**Task to carry out:** Taking the line with "using eichler_param_diff_rho_even[OF assms]" as the first and the line with "g \<Longrightarrow> N_root" as the last, set down exactly every line in that range from the entries below, and no more.

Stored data
text \<open>g is an endomorphism of the subspace U (values of g outside U are irrelevant).\<close>
definition endo_on :: "('a::field \<Rightarrow> 'v::ab_group_add \<Rightarrow> 'v) \<Rightarrow> 'v set \<Rightarrow> ('v \<Rightarrow> 'v) \<Rightarrow> bool" where
  "endo_on scale U g \<longleftrightarrow> g ` U \<subseteq> U \<and>
     (\<forall>x\<in>U. \<forall>y\<in>U. g (x + y) = g x + g y) \<and>
     (\<forall>c. \<forall>x\<in>U. g (scale c x) = scale c (g x))"

definition gen_inverse_on :: "'v set \<Rightarrow> ('v \<Rightarrow> 'v) \<Rightarrow> ('v \<Rightarrow> 'v) \<Rightarrow> bool" where
  "gen_inverse_on U g0 g \<longleftrightarrow> (\<forall>u\<in>U. g0 (g (g0 u)) = g0 u)"

end

theory Submission imports Defs begin

(* On the Jordan basis B of U = U_part phi, phi shifts every chain phi^j(v_s) to its next
   vector and kills the chain tops phi^(h-1)(v_s); it is injective with independent image
   on the remaining basis vectors, so the kernel of phi on U is spanned by the tops. By
   linearity, g is a generalized inverse iff phi(g(phi b)) = phi b for all b in B, i.e. iff
   g(phi^i(v_s)) - phi^(i-1)(v_s) lies in that kernel for 1 <= i <= h-1: it is a finite
   combination of tops, while the values g(v_s) do not enter the condition at all.
   Conversely, arbitrary values in U prescribed on B extend to an endomorphism of U. *)

lemma U_part_invariant:
  assumes "\<phi> 0 = 0" and "u \<in> U_part \<phi>"
  shows "\<phi> u \<in> U_part \<phi>"
proof -
  obtain m where "(\<phi> ^^ m) u = 0" using assms(2) unfolding U_part_def by blast
  then have "(\<phi> ^^ m) (\<phi> u) = 0" by (metis assms(1) funpow_swap1)
  then show ?thesis unfolding U_part_def by blast
qed

lemma endo_on_zero:
  assumes "endo_on scale U g" and "0 \<in> U"
  shows "g 0 = 0"
proof -
  have "g (0 + 0) = g 0 + g 0" using assms unfolding endo_on_def by blast
  then show ?thesis by simp
qed

context vector_space
begin
section \<open>Every root lies in the orbit of a standard root\<close>

text \<open>Identifying U + U(2) with the Gaussian integers squared, rho multiplies
  alpha = alpha1 + i alpha2 and beta = beta1 + i beta2 by i.\<close>

definition alpha1 :: "(nat \<Rightarrow> int) \<Rightarrow> int" where "alpha1 x = x 0 - x 2"
definition alpha2 :: "(nat \<Rightarrow> int) \<Rightarrow> int" where "alpha2 x = - x 2"
definition beta1 :: "(nat \<Rightarrow> int) \<Rightarrow> int" where "beta1 x = x 1 + x 3"
definition beta2 :: "(nat \<Rightarrow> int) \<Rightarrow> int" where "beta2 x = - x 3"

definition alpha_norm :: "(nat \<Rightarrow> int) \<Rightarrow> int" where "alpha_norm x = alpha1 x ^ 2 + alpha2 x ^ 2"
definition beta_norm :: "(nat \<Rightarrow> int) \<Rightarrow> int" where "beta_norm x = beta1 x ^ 2 + beta2 x ^ 2"

text \<open>hyp_re + i hyp_im is (1 + i) alpha conj(beta); hyp_re is half the norm of the
  U + U(2) component.\<close>

definition hyp_re :: "(nat \<Rightarrow> int) \<Rightarrow> int" where
  "hyp_re x = x 0 * x 1 + 2 * x 2 * x 3"

definition hyp_im :: "(nat \<Rightarrow> int) \<Rightarrow> int" where
  "hyp_im x = x 0 * x 1 + 2 * x 0 * x 3 - 2 * x 1 * x 2 - 2 * x 2 * x 3"

definition d4_norm :: "(nat \<Rightarrow> int) \<Rightarrow> int" where
  "d4_norm x = (\<Sum>j\<in>{4..<12}. x j ^ 2)"

definition N_root :: "(nat \<Rightarrow> int) \<Rightarrow> bool" where
  "N_root x \<longleftrightarrow> x \<in> N_lat \<and> bN x x = -2"

definition std_root :: "nat \<Rightarrow> int" where
  "std_root = (\<lambda>i. if i = 0 then -1 else if i = 1 then 1 else if i = 2 then -1 else 0)"

definition std_orbit :: "(nat \<Rightarrow> int) \<Rightarrow> bool" where
  "std_orbit x \<longleftrightarrow> (\<exists>g. rho_isometry g \<and> g x = std_root)"

lemma hyp_re_sq_plus_hyp_im_sq: "hyp_re x ^ 2 + hyp_im x ^ 2 = 2 * alpha_norm x * beta_norm x"
  by (simp add: hyp_re_def hyp_im_def alpha_norm_def beta_norm_def alpha1_def alpha2_def
      beta1_def beta2_def power2_eq_square algebra_simps)

lemma bN_self: "bN x x = 2 * hyp_re x - d4_norm x"
  by (simp add: bN_expand hyp_re_def d4_norm_def sum_atLeastLessThan_4_12 power2_eq_square algebra_simps)

lemma alpha_norm_nonneg: "alpha_norm x \<ge> 0"
  by (simp add: alpha_norm_def)

lemma alpha_norm_eq_0: "alpha_norm x = 0 \<Longrightarrow> x 0 = 0 \<and> x 2 = 0"
  by (simp add: alpha_norm_def alpha1_def alpha2_def sum_power2_eq_zero_iff)

lemma beta_norm_hyp_swap: "beta_norm (hyp_swap x) = alpha_norm x"
  by (simp add: beta_norm_def alpha_norm_def beta1_def beta2_def alpha1_def alpha2_def hyp_swap_def)

lemma beta_norm_shear: "beta_norm (shear t x) = beta_norm x"
  by (simp add: beta_norm_def beta1_def beta2_def shear_def)

lemma hyp_im_shear: "hyp_im (shear t x) = hyp_im x + 2 * t * beta_norm x"
  by (simp add: hyp_im_def shear_def beta_norm_def beta1_def beta2_def power2_eq_square algebra_simps)

lemma d4_norm_shear: "d4_norm (shear t x) = d4_norm x"
  by (simp add: d4_norm_def shear_def)

lemma eichler_fixes_f_coeffs: "eichler W x 1 = x 1" "eichler W x 3 = x 3"
  by (simp_all add: eichler_def Let_def)

lemma beta_norm_eichler: "beta_norm (eichler W x) = beta_norm x"
  unfolding beta_norm_def beta1_def beta2_def eichler_fixes_f_coeffs ..

lemma eichler_d4_coeff:
  assumes "eichler_param W" "4 \<le> j" "j < 12"
  shows "2 * eichler W x j = 2 * x j + x 1 * (W j - rho W j) - 2 * x 3 * rho W j"
  using eichler_param_diff_rho_even[OF assms] assms(2,3) by (auto simp: eichler_def Let_def elim!: evenE)

lemma rho_isometry_root: "rho_isometry g \<Longrightarrow> N_root x \<Longrightarrow> N_root (g x)"
  unfolding N_root_def using rho_isometry_in_N rho_isometry_bN by metis

lemma std_orbit_step:
  assumes "rho_isometry g" "std_orbit (g x)"
  shows "std_orbit x"
proof -
  obtain h where "rho_isometry h" "h (g x) = std_root" using assms(2) std_orbit_def by auto
  then have "rho_isometry (h \<circ> g)" "(h \<circ> g) x = std_root" using rho_isometry_comp assms(1) by auto
  then show ?thesis unfolding std_orbit_def by blast
qed
lemma cel_last_row_eq_0:
  fixes \<gamma> \<beta> :: "'k::field"
  assumes "primitive_root n \<gamma>" "0 < l" "l < n"
  shows "cel n w \<gamma> \<beta> r i n l = 0"
proof -
  have "\<gamma> ^ n = 1"
    using assms(1) by (simp add: primitive_root_def)
  moreover have "primitive_root n (inverse \<gamma>)"
    using assms(1) by (rule primitive_root_inverse)
  ultimately show ?thesis
    using assms(2,3) by (simp add: cel_eq_single cel_coeff_primitive_root_eq_0)
qed

theorem lemma3p14:
  fixes n w :: nat and \<gamma> \<beta> :: "'k::field_char_0" and r i :: int
  assumes "algebraically_closed TYPE('k)"
    and "0 < n" and "0 < w"
    and "primitive_root n \<gamma>"
    and "\<beta> \<noteq> 0" and "\<beta> ^ n \<noteq> 1"
  shows "(\<forall>k\<le>n. cel n w \<gamma> \<beta> r i k 0 \<noteq> 0) \<and>
         (\<forall>l. 1 \<le> l \<and> l \<le> n - 1 \<longrightarrow> cel n w \<gamma> \<beta> r i n l = 0)"
proof -
  have "cel n w \<gamma> \<beta> r i k 0 \<noteq> 0" if "k \<le> n" for k
    using assms(2,3,4,6) that by (rule cel_first_column_neq_0)
  moreover have "cel n w \<gamma> \<beta> r i n l = 0" if "1 \<le> l" "l \<le> n - 1" for l
    using assms(4) that by (simp add: cel_last_row_eq_0)
  ultimately show ?thesis
    by blast
qed

end
lemma piter_cong:
  assumes "\<And>x. x \<in> S \<Longrightarrow> g' x = g x" and "\<And>x y. x \<in> S \<Longrightarrow> g x = Some y \<Longrightarrow> y \<in> S"
  shows "x \<in> S \<Longrightarrow> piter g' k x = piter g k x"
proof (induction k arbitrary: x)
  case 0
  then show ?case by simp
next
  case (Suc k)
  with assms show ?case
    by (cases "g x") (auto simp: piter_Suc)
qed

lemma piter_dom_Greatest:
  fixes h :: "'a \<Rightarrow> int"
  assumes dec: "\<And>x y. x \<in> S \<Longrightarrow> g x = Some y \<Longrightarrow> y \<in> S \<and> h y < h x"
    and bdd: "\<And>x. x \<in> S \<Longrightarrow> lo \<le> h x" and "x \<in> S"
  shows "piter g k x \<noteq> None \<longleftrightarrow> k \<le> (GREATEST k. piter g k x \<noteq> None)"
proof -
  have bound: "int k \<le> h x - lo" if "x \<in> S" "piter g k x \<noteq> None" for k x
    using that
  proof (induction k arbitrary: x)
    case 0
    then show ?case using bdd by simp
  next
    case (Suc k)
    then obtain y where "g x = Some y" "piter g k y \<noteq> None"
      by (cases "g x") (auto simp: piter_Suc)
    with dec[OF Suc.prems(1)] Suc.IH show ?case
      by fastforce
  qed
  have le_bound: "k \<le> nat (h x - lo)" if "piter g k x \<noteq> None" for k
    using bound[OF \<open>x \<in> S\<close> that] by linarith
  define G where "G = (GREATEST k. piter g k x \<noteq> None)"
  have G: "piter g G x \<noteq> None"
    unfolding G_def by (rule GreatestI_nat[of _ 0 "nat (h x - lo)"]) (auto intro: le_bound)
  show ?thesis
    unfolding G_def[symmetric]
  proof
    assume "piter g k x \<noteq> None"
    then show "k \<le> G"
      unfolding G_def by (rule Greatest_le_nat[OF _ le_bound])
  next
    assume "k \<le> G"
    then have "piter g G x = Option.bind (piter g k x) (piter g (G - k))"
      using piter_add[of g "G - k" k x] by simp
    with G show "piter g k x \<noteq> None"
      by (cases "piter g k x") simp_all
  qed
qed

lemma bij_betw_partial_inverse:
  assumes "\<And>x. x \<in> X \<Longrightarrow> \<exists>z\<in>Y. F x = Some z \<and> G z = Some x"
    and "\<And>z. z \<in> Y \<Longrightarrow> \<exists>x\<in>X. G z = Some x \<and> F x = Some z"
  shows "(\<forall>x\<in>X. F x \<noteq> None) \<and> bij_betw (\<lambda>x. the (F x)) X Y"
proof
  show "\<forall>x\<in>X. F x \<noteq> None"
    using assms(1) by fastforce
  show "bij_betw (\<lambda>x. the (F x)) X Y"
    by (rule bij_betw_byWitness[where f' = "\<lambda>z. the (G z)"]) (use assms in fastforce)+
qed

lemma phi_eqI: "(\<And>k. fiter D i k x \<noteq> None \<longleftrightarrow> k \<le> M) \<Longrightarrow> phi D i x = M"
  unfolding phi_def by (rule Greatest_equality) auto

lemma eps_eqI: "(\<And>k. eiter D i k x \<noteq> None \<longleftrightarrow> k \<le> M) \<Longrightarrow> eps D i x = M"
  unfolding eps_def by (rule Greatest_equality) auto

(* Finiteness is replaced
   by finiteness of i-strings (fiter_dom, eiter_dom); unlike is_crystal, this notion is preserved
   by tensor products. *)
locale colour_crystal =
  fixes A :: "'i \<Rightarrow> 'i \<Rightarrow> int" and i :: 'i and D :: "('i, 'a) crys" and S :: "'a set"
  assumes ff_closed: "x \<in> S \<Longrightarrow> ff D i x = Some y \<Longrightarrow> y \<in> S"
    and ee_closed: "x \<in> S \<Longrightarrow> ee D i x = Some y \<Longrightarrow> y \<in> S"
    and ee_ff: "x \<in> S \<Longrightarrow> ff D i x = Some y \<Longrightarrow> ee D i y = Some x"
    and ff_ee: "x \<in> S \<Longrightarrow> ee D i x = Some y \<Longrightarrow> ff D i y = Some x"
    and wt_ff: "x \<in> S \<Longrightarrow> ff D i x = Some y \<Longrightarrow> wt D y = (\<lambda>k. wt D x k - A k i)"
    and fiter_dom: "x \<in> S \<Longrightarrow> fiter D i k x \<noteq> None \<longleftrightarrow> k \<le> phi D i x"
    and eiter_dom: "x \<in> S \<Longrightarrow> eiter D i k x \<noteq> None \<longleftrightarrow> k \<le> eps D i x"
    and phi_minus_eps: "x \<in> S \<Longrightarrow> int (phi D i x) - int (eps D i x) = wt D x i"
begin

lemma phi_ff:
  assumes "x \<in> S" "ff D i x = Some y"
  shows "phi D i x = Suc (phi D i y)"
proof (rule phi_eqI)
  fix k
  show "fiter D i k x \<noteq> None \<longleftrightarrow> k \<le> Suc (phi D i y)"
    using fiter_dom[OF ff_closed[OF assms]] assms(2)
    by (cases k) (simp_all add: fiter_piter piter_Suc)
qed

lemma eps_ee:
  assumes "x \<in> S" "ee D i x = Some y"
  shows "eps D i x = Suc (eps D i y)"
proof (rule eps_eqI)
  fix k
  show "eiter D i k x \<noteq> None \<longleftrightarrow> k \<le> Suc (eps D i y)"
    using eiter_dom[OF ee_closed[OF assms]] assms(2)
    by (cases k) (simp_all add: eiter_piter piter_Suc)
qed

lemma eps_ff: "x \<in> S \<Longrightarrow> ff D i x = Some y \<Longrightarrow> eps D i y = Suc (eps D i x)"
  using eps_ee ff_closed ee_ff by blast

lemma phi_ee: "x \<in> S \<Longrightarrow> ee D i x = Some y \<Longrightarrow> phi D i y = Suc (phi D i x)"
  using phi_ff ee_closed ff_ee by blast

lemma phi_eq_0_iff: "x \<in> S \<Longrightarrow> phi D i x = 0 \<longleftrightarrow> ff D i x = None"
  using fiter_dom[of x 1] by (cases "ff D i x") (auto simp: fiter_piter piter_Suc)

lemma eps_eq_0_iff: "x \<in> S \<Longrightarrow> eps D i x = 0 \<longleftrightarrow> ee D i x = None"
  using eiter_dom[of x 1] by (cases "ee D i x") (auto simp: eiter_piter piter_Suc)

lemma fiter_inverse: "x \<in> S \<Longrightarrow> fiter D i k x = Some y \<Longrightarrow> y \<in> S \<and> eiter D i k y = Some x"
  using piter_inverse[of S "ff D i" "ee D i" x k y] ff_closed ee_ff
  unfolding fiter_piter eiter_piter by blast

lemma eiter_inverse: "x \<in> S \<Longrightarrow> eiter D i k x = Some y \<Longrightarrow> y \<in> S \<and> fiter D i k y = Some x"
  using piter_inverse[of S "ee D i" "ff D i" x k y] ee_closed ff_ee
  unfolding fiter_piter eiter_piter by blast

lemma fiter_SomeE:
  assumes "x \<in> S" "k \<le> phi D i x"
  obtains y where "fiter D i k x = Some y" "y \<in> S"
  using fiter_dom[OF assms(1), of k] fiter_inverse[OF assms(1)] assms(2) by auto

lemma eiter_SomeE:
  assumes "x \<in> S" "k \<le> eps D i x"
  obtains y where "eiter D i k x = Some y" "y \<in> S"
  using eiter_dom[OF assms(1), of k] eiter_inverse[OF assms(1)] assms(2) by auto

lemma fiter_SomeD:
  "x \<in> S \<Longrightarrow> fiter D i k x = Some y \<Longrightarrow> wt D y = (\<lambda>l. wt D x l - int k * A l i)
     \<and> phi D i y = phi D i x - k \<and> eps D i y = eps D i x + k"
proof (induction k arbitrary: y)
  case 0
  then show ?case by (simp add: fiter_piter)
next
  case (Suc k)
  then obtain z where z: "fiter D i k x = Some z" "ff D i z = Some y"
    by (cases "fiter D i k x") (auto simp: fiter_piter piter_Suc_right)
  have "z \<in> S"
    using fiter_inverse[OF Suc.prems(1) z(1)] by blast
  with z Suc.IH[OF Suc.prems(1)] show ?case
    using wt_ff phi_ff eps_ff by (fastforce simp: algebra_simps)
qed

**Result of this exercise:**
  using eichler_param_diff_rho_even[OF assms] assms(2,3) by (auto simp: eichler_def Let_def elim!: evenE)

lemma rho_isometry_root: "rho_isometry g \<Longrightarrow> N_root x \<Longrightarrow> N_root (g x)"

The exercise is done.